- **Your assignment**: Below are entries; output exactly the lines from the one with "- 5)/2)\<close> and" to the one with "tending to \<open>0\<close>", both included, and nothing else.

Start of Task input

(* Let $d\ge 10$ and $a>0$, and let $u=u(a,\cdot)$ be the solution of $$y^{2}(1-y^{2})u''+\big((d-3)y-2y^{3}\big)u'+(d-2)u(1-u^{2})=0$$ with $u(y)=1-ay^{2}+O(y^{4})$ as $y\to0$. Then $u$ is monotone decreasing on $[0,1]$, from $u(0)=1$ to $u(1)>0$, where $u(1):=\lim_{y\to1^-}u(y)$.
   Context: For each $a\ge0$ there is a unique solution $u(a,y)$ of the equation, analytic in $(a,y)$ near $y=0$, with expansion $u(a,y)=1-ay^2+O(y^4)$ near $y=0$. This solution extends to a solution on $[0,1)$ with $|u|<1$ for $a>0$, and the limits $\lim_{y\to1^-}u(a,y)$ and $\lim_{y\to1^-}u'(a,y)$ exist and are finite; $u(1)$ and $u'(1)$ denote these limits. *)

theory Defs
  imports "HOL-Analysis.Analysis" "HOL-Library.Landau_Symbols"
begin

end

theory Submission
  imports Defs
begin

text \<open>In divergence form the equation reads \<open>(w u')' = - w F\<close> with
  \<open>w = y^(d - 3) / (1 - y\<^sup>2)^((d - 5)/2)\<close> and
  \<open>F = (d - 2) u (1 - u\<^sup>2) / (y\<^sup>2 (1 - y\<^sup>2))\<close>. The expansion at \<open>0\<close> makes \<open>F\<close> positive and
  bounded near \<open>0\<close>, so the flux \<open>w u'\<close> decreases there; since \<open>w \<le> C y\<^sup>2\<close>, a flux not
  tending to \<open>0\<close> would force \<open>u\<close> to blow up like \<open>1/y\<close>. Hence \<open>- C y^(d - 2) \<le> w u' < 0\<close>,
  i.e. \<open>- C y \<le> u' < 0\<close>, near \<open>0\<close>. The invariant \<open>u < 1\<close>, \<open>u' < 0\<close>, \<open>(y\<^sup>3 u)' > 0\<close> then
  propagates to all of \<open>(0, 1)\<close>: at a first point of failure either \<open>u' = 0\<close>, where the
  equation forces \<open>u'' < 0\<close>, or \<open>y u' + 3 u = 0\<close>, where it forces \<open>(y u' + 3 u)' > 0\<close>;
  either way the invariant already fails just to the left. Finally \<open>y\<^sup>3 u\<close> increasing
  keeps \<open>u\<close> away from \<open>0\<close> near \<open>1\<close>.\<close>

lemma deriv_ge_inverse_square_imp_unbounded_below:
  fixes f f' :: "real \<Rightarrow> real"
  assumes y1: "0 < y1" and c: "0 < c"
    and der: "\<And>y. 0 < y \<Longrightarrow> y \<le> y1 \<Longrightarrow> (f has_real_derivative f' y) (at y)"
    and ge: "\<And>y. 0 < y \<Longrightarrow> y \<le> y1 \<Longrightarrow> c / y\<^sup>2 \<le> f' y"
  shows "\<exists>y. 0 < y \<and> y \<le> y1 \<and> f y < B"
proof -
  have nondecr: "f y + c / y \<le> f y1 + c / y1" if y: "0 < y" "y \<le> y1" for y
  proof -
    have "(\<lambda>t. f t + c / t) y \<le> (\<lambda>t. f t + c / t) y1"
    proof (rule DERIV_nonneg_imp_nondecreasing[OF y(2)])
      fix x assume x: "y \<le> x" "x \<le> y1"
      then have x0: "0 < x" using y by simp
      have "((\<lambda>t. f t + c / t) has_real_derivative f' x - c / x\<^sup>2) (at x)"
        using der[OF x0 x(2)] x0
        by (auto intro!: derivative_eq_intros simp: power2_eq_square field_simps)
      then show "\<exists>l. ((\<lambda>t. f t + c / t) has_real_derivative l) (at x) \<and> 0 \<le> l"
        using ge[OF x0 x(2)] by force
    qed
    then show ?thesis by simp
  qed
  define R where "R = \<bar>f y1 + c / y1 - B\<bar> + 1"
  have R: "0 < R" by (simp add: R_def add_nonneg_pos)
  define y where "y = min y1 (c / R)"
  have y: "0 < y" "y \<le> y1" using y1 c R by (auto simp: y_def)
  have "y \<le> c / R" by (simp add: y_def)
  then have "R \<le> c / y" using y R c by (simp add: field_simps)
  then have "f y < B" using nondecr[OF y] unfolding R_def by linarith
  then show ?thesis using y by blast
qed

End of Task input

- **The answer**:
  \<open>w = y^(d - 3) / (1 - y\<^sup>2)^((d - 5)/2)\<close> and
  \<open>F = (d - 2) u (1 - u\<^sup>2) / (y\<^sup>2 (1 - y\<^sup>2))\<close>. The expansion at \<open>0\<close> makes \<open>F\<close> positive and
  bounded near \<open>0\<close>, so the flux \<open>w u'\<close> decreases there; since \<open>w \<le> C y\<^sup>2\<close>, a flux not
  tending to \<open>0\<close> would force \<open>u\<close> to blow up like \<open>1/y\<close>. Hence \<open>- C y^(d - 2) \<le> w u' < 0\<close>,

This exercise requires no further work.